Tax Court approves lucrative Roth IRA investment strategy

July 21, 2011
Roth IRAs have tremendous tax benefits. A recent issue of "The McGill Advisory" newsletter explains how dentists can use an investment strategy involving Roth IRAs to maximize their earnings.

Reprinted with permission from "The McGill Advisory" newsletter, April 2011.

There are tremendous tax benefits of Roth IRAs, as well as our unique strategy to maximize amounts converted from regular to Roth IRAs, while minimizing federal and state income taxes due on the conversion. Since accumulations within Roth IRAs are tax-free, it follows that doctors should utilize an investment strategy to maximize their earnings.

How then can Roth IRAs be invested to achieve that goal? While most doctors believe that Roth IRAs can be invested only in stocks, bonds, or mutual funds, that’s not the case. Roth IRA funds can also be self-directed into real estate investments, as we have previously discussed in "Making the 'Perfect Storm' Work for You — How to Create Huge Tax-Free Real Estate Profits Using a Roth IRA.” Moreover, a self-directed Roth IRA can also invest in stock of a newly formed business with the potential for producing substantial profits.

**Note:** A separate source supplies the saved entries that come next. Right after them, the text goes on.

lemma psi_transport_intertwines:
  assumes Q: "Q \<in> mats_over E m m" "Qi \<in> mats_over E m m" "Qi * Q = 1\<^sub>m m"
    and U: "U \<in> mats_over prime_subfield (m * s) (m * s)" "\<forall>y\<in>A.Em. U *\<^sub>v A.psi y = B.psi (Q *\<^sub>v y)"
    and x: "x \<in> mats_over E m m"
  shows "U * \<iota> x = \<iota>' (Q * x * Qi) * U"
proof (rule A.mat_eq_on_psi)
  have Uc: "U \<in> carrier_mat (m * s) (m * s)" using U(1) mats_over_carrier by blast
  have QxQi: "Q * x * Qi \<in> mats_over E m m" using A.ME_mult Q x by blast
  show "U * \<iota> x \<in> carrier_mat (m * s) (m * s)" using Uc A.iota_carrier[OF x] by simp
  show "\<iota>' (Q * x * Qi) * U \<in> carrier_mat (m * s) (m * s)" using Uc B.iota_carrier[OF QxQi] by simp
  fix y assume y: "y \<in> A.Em"
  have yc: "y \<in> carrier_vec m" using vecs_over_carrier[OF y] .
  have c: "Q \<in> carrier_mat m m" "Qi \<in> carrier_mat m m" "x \<in> carrier_mat m m"
    using Q x A.ME_carrier by auto
  have "(U * \<iota> x) *\<^sub>v A.psi y = U *\<^sub>v (\<iota> x *\<^sub>v A.psi y)"
    using Uc A.iota_carrier[OF x] A.psi_carrier[OF y] by simp
  also have "\<dots> = B.psi (Q *\<^sub>v (x *\<^sub>v y))" using A.psi_mult[OF x y] U(2) A.Em_mult[OF x y] by simp
  finally have l: "(U * \<iota> x) *\<^sub>v A.psi y = B.psi (Q *\<^sub>v (x *\<^sub>v y))" .
  have "(\<iota>' (Q * x * Qi) * U) *\<^sub>v A.psi y = \<iota>' (Q * x * Qi) *\<^sub>v B.psi (Q *\<^sub>v y)"
    using Uc B.iota_carrier[OF QxQi] A.psi_carrier[OF y] U(2) y by simp
  also have "\<dots> = B.psi ((Q * x * Qi) *\<^sub>v (Q *\<^sub>v y))" using B.psi_mult[OF QxQi] A.Em_mult[OF Q(1) y] by simp
  also have "(Q * x * Qi) *\<^sub>v (Q *\<^sub>v y) = Q *\<^sub>v (x *\<^sub>v y)"
  proof -
    have "(Q * x * Qi) *\<^sub>v (Q *\<^sub>v y) = ((Q * x * Qi) * Q) *\<^sub>v y"
      by (rule assoc_mult_mat_vec[symmetric]) (use c yc in auto)
    also have "(Q * x * Qi) * Q = (Q * x) * (Qi * Q)"
      by (rule assoc_mult_mat[of "Q * x" m m Qi m Q m]) (use c in auto)
    also have "\<dots> = Q * x" using Q(3) c by simp
    also have "(Q * x) *\<^sub>v y = Q *\<^sub>v (x *\<^sub>v y)" using c yc by simp
    finally show ?thesis .
  qed
  finally show "(U * \<iota> x) *\<^sub>v A.psi y = (\<iota>' (Q * x * Qi) * U) *\<^sub>v A.psi y" using l by simp
qed

lemma psi_transport_left_inverse:
  assumes Q: "Q \<in> mats_over E m m" "Qi \<in> mats_over E m m" "Qi * Q = 1\<^sub>m m"
    and U: "U \<in> carrier_mat (m * s) (m * s)" "\<forall>y\<in>A.Em. U *\<^sub>v A.psi y = B.psi (Q *\<^sub>v y)"
    and Ui: "Ui \<in> carrier_mat (m * s) (m * s)" "\<forall>y\<in>A.Em. Ui *\<^sub>v B.psi y = A.psi (Qi *\<^sub>v y)"
  shows "Ui * U = 1\<^sub>m (m * s)"
proof (rule A.mat_eq_on_psi)
  fix y assume y: "y \<in> A.Em"
  have "Qi *\<^sub>v (Q *\<^sub>v y) = y"
    using Q mats_over_carrier[OF Q(1)] mats_over_carrier[OF Q(2)] vecs_over_carrier[OF y]
      assoc_mult_mat_vec[of Qi m m Q m y] by simp
  moreover have "(Ui * U) *\<^sub>v A.psi y = Ui *\<^sub>v (U *\<^sub>v A.psi y)" using U(1) Ui(1) A.psi_carrier[OF y] by simp
  ultimately show "(Ui * U) *\<^sub>v A.psi y = 1\<^sub>m (m * s) *\<^sub>v A.psi y"
    using U(2) Ui(2) y A.Em_mult[OF Q(1) y] A.psi_carrier[OF y] by simp
qed (use U Ui in auto)

end

lemma scalar_mat_vec: "(y::'a::field vec) \<in> carrier_vec m \<Longrightarrow> (c \<cdot>\<^sub>m 1\<^sub>m m) *\<^sub>v y = c \<cdot>\<^sub>v y"
proof (rule eq_vecI)
  assume y: "y \<in> carrier_vec m"
  fix i assume "i < dim_vec (c \<cdot>\<^sub>v y)"
  hence i: "i < m" using y by simp
  have "((c \<cdot>\<^sub>m 1\<^sub>m m) *\<^sub>v y) $ i = (\<Sum>j\<in>{0..<m}. c * (if i = j then 1 else 0) * y $ j)"
    using i y by (simp add: scalar_prod_def row_def)
  also have "\<dots> = (\<Sum>j\<in>{i}. c * (if i = j then 1 else 0) * y $ j)"
    by (rule sum.mono_neutral_right) (use i in auto)
  finally show "((c \<cdot>\<^sub>m 1\<^sub>m m) *\<^sub>v y) $ i = (c \<cdot>\<^sub>v y) $ i" using i y by simp
qed auto

lemma commuting_mult_mat_vec:
  assumes "W \<in> carrier_mat n n" "A \<in> carrier_mat n n" "W * A = A * W" "v \<in> carrier_vec n"
  shows "W *\<^sub>v (A *\<^sub>v v) = A *\<^sub>v (W *\<^sub>v v)"
  using assms by (metis assoc_mult_mat_vec)

context matrix_embedding
begin

lemma psi_scalar: "c \<in> E \<Longrightarrow> y \<in> Em \<Longrightarrow> psi (c \<cdot>\<^sub>v y) = \<iota> (c \<cdot>\<^sub>m 1\<^sub>m m) *\<^sub>v psi y"
  using psi_mult[OF ME_scalar] scalar_mat_vec vecs_over_carrier by metis

lemma E_linear_descends:
  assumes W: "W \<in> carrier_mat (m * s) (m * s)" "\<forall>w\<in>V. W *\<^sub>v w \<in> V"
    and WE: "\<forall>c\<in>E. W * \<iota> (c \<cdot>\<^sub>m 1\<^sub>m m) = \<iota> (c \<cdot>\<^sub>m 1\<^sub>m m) * W"
  obtains M where "M \<in> ME" "\<And>y. y \<in> Em \<Longrightarrow> W *\<^sub>v psi y = psi (M *\<^sub>v y)"
proof -
  define \<Omega> where "\<Omega> = (\<lambda>y. psiinv (W *\<^sub>v psi y))"
  have O: "\<Omega> y \<in> Em" "psi (\<Omega> y) = W *\<^sub>v psi y" if "y \<in> Em" for y
    unfolding \<Omega>_def using psiinv W(2) psi_V that by auto
  have pinj: "a = b" if "a \<in> Em" "b \<in> Em" "psi a = psi b" for a b
    using inj_onD[OF psi_inj] that by blast
  have add: "\<Omega> (a + b) = \<Omega> a + \<Omega> b" if "a \<in> Em" "b \<in> Em" for a b
  proof (rule pinj)
    show "\<Omega> (a + b) \<in> Em" "\<Omega> a + \<Omega> b \<in> Em" using O Em_add that by blast+
    have "psi (\<Omega> (a + b)) = W *\<^sub>v (psi a + psi b)" using O(2) Em_add psi_add that by metis
    also have "\<dots> = W *\<^sub>v psi a + W *\<^sub>v psi b" using W(1) psi_carrier that by (simp add: mult_add_distrib_mat_vec)
    also have "\<dots> = psi (\<Omega> a + \<Omega> b)" using O psi_add that by metis
    finally show "psi (\<Omega> (a + b)) = psi (\<Omega> a + \<Omega> b)" .
  qed
  have hom: "\<Omega> (c \<cdot>\<^sub>v a) = c \<cdot>\<^sub>v \<Omega> a" if "c \<in> E" "a \<in> Em" for c a
  proof (rule pinj)
    show "\<Omega> (c \<cdot>\<^sub>v a) \<in> Em" "c \<cdot>\<^sub>v \<Omega> a \<in> Em" using O Em_smult that by blast+
    have "psi (\<Omega> (c \<cdot>\<^sub>v a)) = W *\<^sub>v (\<iota> (c \<cdot>\<^sub>m 1\<^sub>m m) *\<^sub>v psi a)"
      using O(2) Em_smult psi_scalar that by metis
    also have "\<dots> = \<iota> (c \<cdot>\<^sub>m 1\<^sub>m m) *\<^sub>v (W *\<^sub>v psi a)"
      using commuting_mult_mat_vec W(1) iota_carrier ME_scalar WE psi_carrier that by blast
    also have "\<dots> = psi (c \<cdot>\<^sub>v \<Omega> a)" using O psi_scalar that by metis
    finally show "psi (\<Omega> (c \<cdot>\<^sub>v a)) = psi (c \<cdot>\<^sub>v \<Omega> a)" .
  qed
  define M where "M = mat m m (\<lambda>(i,k). \<Omega> (unit_vec m k) $ i)"
  have "M *\<^sub>v y = \<Omega> y" if "y \<in> Em" for y
    unfolding M_def
    by (rule linear_map_matrix[OF E_zero E_one subfieldD(3)[OF sfE] subfieldD(4)[OF sfE]])
       (use O add hom that in auto)
  moreover have "M \<in> ME"
    using O(1)[OF unit_vec_in_vecs_over[OF E_zero E_one]] unfolding M_def mats_over_def vecs_over_def by auto
  ultimately show ?thesis using that O(2) by simp
qed

lemma commutation_descends:
  assumes W: "W \<in> carrier_mat (m * s) (m * s)" and M: "M \<in> ME"
    and WM: "\<And>y. y \<in> Em \<Longrightarrow> W *\<^sub>v psi y = psi (M *\<^sub>v y)"
    and x: "x \<in> ME" "W * \<iota> x = \<iota> x * W"
  shows "M * x = x * M"
proof (rule mat_eq_on_vecs[OF _ _ E_zero E_one])
  have Mc: "M \<in> carrier_mat m m" and xc: "x \<in> carrier_mat m m" using M x ME_carrier by auto
  show "M * x \<in> carrier_mat m m" "x * M \<in> carrier_mat m m" using Mc xc by auto
  fix y assume y: "y \<in> Em"
  have yc: "y \<in> carrier_vec m" using vecs_over_carrier[OF y] .
  have xy: "x *\<^sub>v y \<in> Em" and My: "M *\<^sub>v y \<in> Em" using Em_mult x(1) M y by auto
  have "psi ((M * x) *\<^sub>v y) = psi (M *\<^sub>v (x *\<^sub>v y))" using Mc xc yc by simp
  also have "\<dots> = W *\<^sub>v (\<iota> x *\<^sub>v psi y)" using WM[OF xy] psi_mult[OF x(1) y] by simp
  also have "\<dots> = \<iota> x *\<^sub>v (W *\<^sub>v psi y)"
    by (rule commuting_mult_mat_vec[OF W iota_carrier[OF x(1)] x(2) psi_carrier[OF y]])
  also have "\<dots> = psi (x *\<^sub>v (M *\<^sub>v y))" using WM[OF y] psi_mult[OF x(1) My] by simp
  also have "\<dots> = psi ((x * M) *\<^sub>v y)" using Mc xc yc by simp
  finally show "(M * x) *\<^sub>v y = (x * M) *\<^sub>v y"
    using inj_onD[OF psi_inj] Em_mult ME_mult M x(1) y by metis
qed

lemma commutant_is_scalar:
  assumes W: "W \<in> carrier_mat (m * s) (m * s)" "\<forall>w\<in>V. W *\<^sub>v w \<in> V"
    and WE: "\<forall>c\<in>E. W * \<iota> (c \<cdot>\<^sub>m 1\<^sub>m m) = \<iota> (c \<cdot>\<^sub>m 1\<^sub>m m) * W"
    and XN: "\<forall>n\<in>N. X n \<in> ME" "\<forall>n\<in>N. W * \<iota> (X n) = \<iota> (X n) * W"
    and split: "\<forall>M\<in>carrier_mat m m. (\<forall>n\<in>N. M * X n = X n * M) \<longrightarrow> (\<exists>c. M = c \<cdot>\<^sub>m 1\<^sub>m m)"
  shows "\<exists>c\<in>E. W = \<iota> (c \<cdot>\<^sub>m 1\<^sub>m m)"
proof -
  obtain M where M: "M \<in> ME" and WM: "\<And>y. y \<in> Em \<Longrightarrow> W *\<^sub>v psi y = psi (M *\<^sub>v y)"
    using E_linear_descends[OF W WE] by blast
  have "\<forall>n\<in>N. M * X n = X n * M" using commutation_descends[OF W(1) M WM] XN by blast
  then obtain c where c: "M = c \<cdot>\<^sub>m 1\<^sub>m m" using split M ME_carrier by blast
  have "M $$ (0, 0) \<in> E" using M mpos unfolding mats_over_def by blast
  hence cE: "c \<in> E" using c mpos by simp
  have "W = \<iota> (c \<cdot>\<^sub>m 1\<^sub>m m)"
  proof (rule mat_eq_on_psi[OF W(1) iota_carrier[OF ME_scalar[OF cE]]])
    fix y assume y: "y \<in> Em"
    have "W *\<^sub>v psi y = psi (c \<cdot>\<^sub>v y)" using WM[OF y] c scalar_mat_vec[OF vecs_over_carrier[OF y]] by simp
    thus "W *\<^sub>v psi y = \<iota> (c \<cdot>\<^sub>m 1\<^sub>m m) *\<^sub>v psi y" using psi_scalar cE y by simp
  qed
  thus ?thesis using cE by blast
qed

end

However, the IRS takes a dim view if the business owned by the doctor’s Roth IRA is doing business with the doctor’s dental practice, or any other business owned by him or her. In IRS Notice 2004-8, 2004-1 CB at 333, the IRS served warning that it would challenge transactions where the taxpayer’s preexisting business (i.e., dental practice) enters into a transaction with a business owned by the doctor’s Roth IRA “if the acquisition of shares, the transactions, or both are not fairly valued and thus have the effect of unfairly shifting value into the Roth IRA.” While IRS notices do not carry the force of law, they still must be respected by the doctor and his or her tax advisors.

Yet, a recent Tax Court case (Hellweg vs. Commissioner, TC Memo 2011-58) shows that doctors can still prevail in generating large profits from businesses owned by their Roth IRAs, even after the IRS notice. In Hellweg, the individual owners of a business entered into a set of complex transactions involving several tiers of corporations, some of which were newly formed and owned by their Roth IRAs. The regular “C” corporations owned by the Roth IRAs were an active business generating profits on their transactions with other businesses owned by the owners, and paid corporate income taxes on their profits. These “C” corporations then made substantial annual dividend payouts to the Roth IRAs that owned them, of as much as $100,000.

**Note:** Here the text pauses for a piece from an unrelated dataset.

(* Assume Assumptions 1, 2, 3 and 4 (stated in the context) hold. Then for every $a_1,a_2\in\{1,\dots,r\}$ and every closed bounded interval $[\lambda_l,\lambda_u]\subset\mathbb R$, $$\sup_{\lambda\in[\lambda_l,\lambda_u]}\Big|E\big[\widehat\phi_{a_1a_2}(\lambda)\big]-\phi_{a_1a_2}(\lambda)\Big|\longrightarrow 0\quad (n\to\infty),$$ i.e. the bias of $\widehat\phi_{a_1a_2}$ tends to zero uniformly over any closed and finite interval.
   Context: Let $\mathbf X=\{(X_1(t),\dots,X_r(t)):t\in\mathbb R\}$ be a real-valued, zero-mean, mean-square continuous, stationary vector process. For $a,b\in\{1,\dots,r\}$ let $C_{ab}(\tau)=E[X_a(t+\tau)X_b(t)]$ and $\phi_{ab}(\lambda)=\frac{1}{2\pi}\int_{-\infty}^\infty C_{ab}(t)e^{-it\lambda}\,dt$. Given a kernel $K:\mathbb R\to\mathbb R$, bandwidths $b_n>0$ and sampling rates $\rho_n>0$, the estimator based on the $n$ samples $\mathbf X(t/\rho_n)$, $t=1,\dots,n$, is $$\widehat\phi_{ab}(\lambda)=\frac{1}{2\pi n\rho_n}\sum_{t_1=1}^n\sum_{t_2=1}^n K(b_n(t_1-t_2))X_a\!\left(\tfrac{t_1}{\rho_n}\right)X_b\!\left(\tfrac{t_2}{\rho_n}\right)e^{-i(t_1-t_2)\lambda/\rho_n}\,1_{[-\pi\rho_n,\pi\rho_n]}(\lambda).$$ Assumption 1: for all $a,b$, the function $g_{ab}(t)=\sup_{|s|\ge|t|}|C_{ab}(s)|$ is integrable over $\mathbb R$. Assumption 2: $K$ is continuous, even, square integrable, $K(0)=1$, and $|K|\le K_1$ for some non-negative, even, integrable function $K_1$ having a unique maximum at $0$. Assumption 3: $nb_n\to\infty$ as $n\to\infty$. Assumption 4: $\rho_n\to\infty$ and $\rho_nb_n\to0$ as $n\to\infty$. *)

theory Defs
  imports "HOL-Probability.Probability"
begin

The IRS objected, claiming the owners used this structure as a device to improperly make excess contributions into their Roth IRAs, and sought to impose a 6% excise tax penalty. However, the Tax Court disagreed, pointing out that the IRS had not challenged the transactions for income tax purposes, and found that the arrangement did not violate the prohibited transaction rules. Accordingly, the arrangement was successful in generating huge returns from the large annual dividends, which were received and grew tax-free within the business owners’ Roth IRAs.

"The McGill Advisory" is designed to provide accurate and authoritative information with regard to the subject matter covered. It is sold with the understanding that the publisher is not engaged in rendering legal, accounting, or other professional services. If legal or accounting advice or other expert assistance is required, the services of a competent professional should be sought.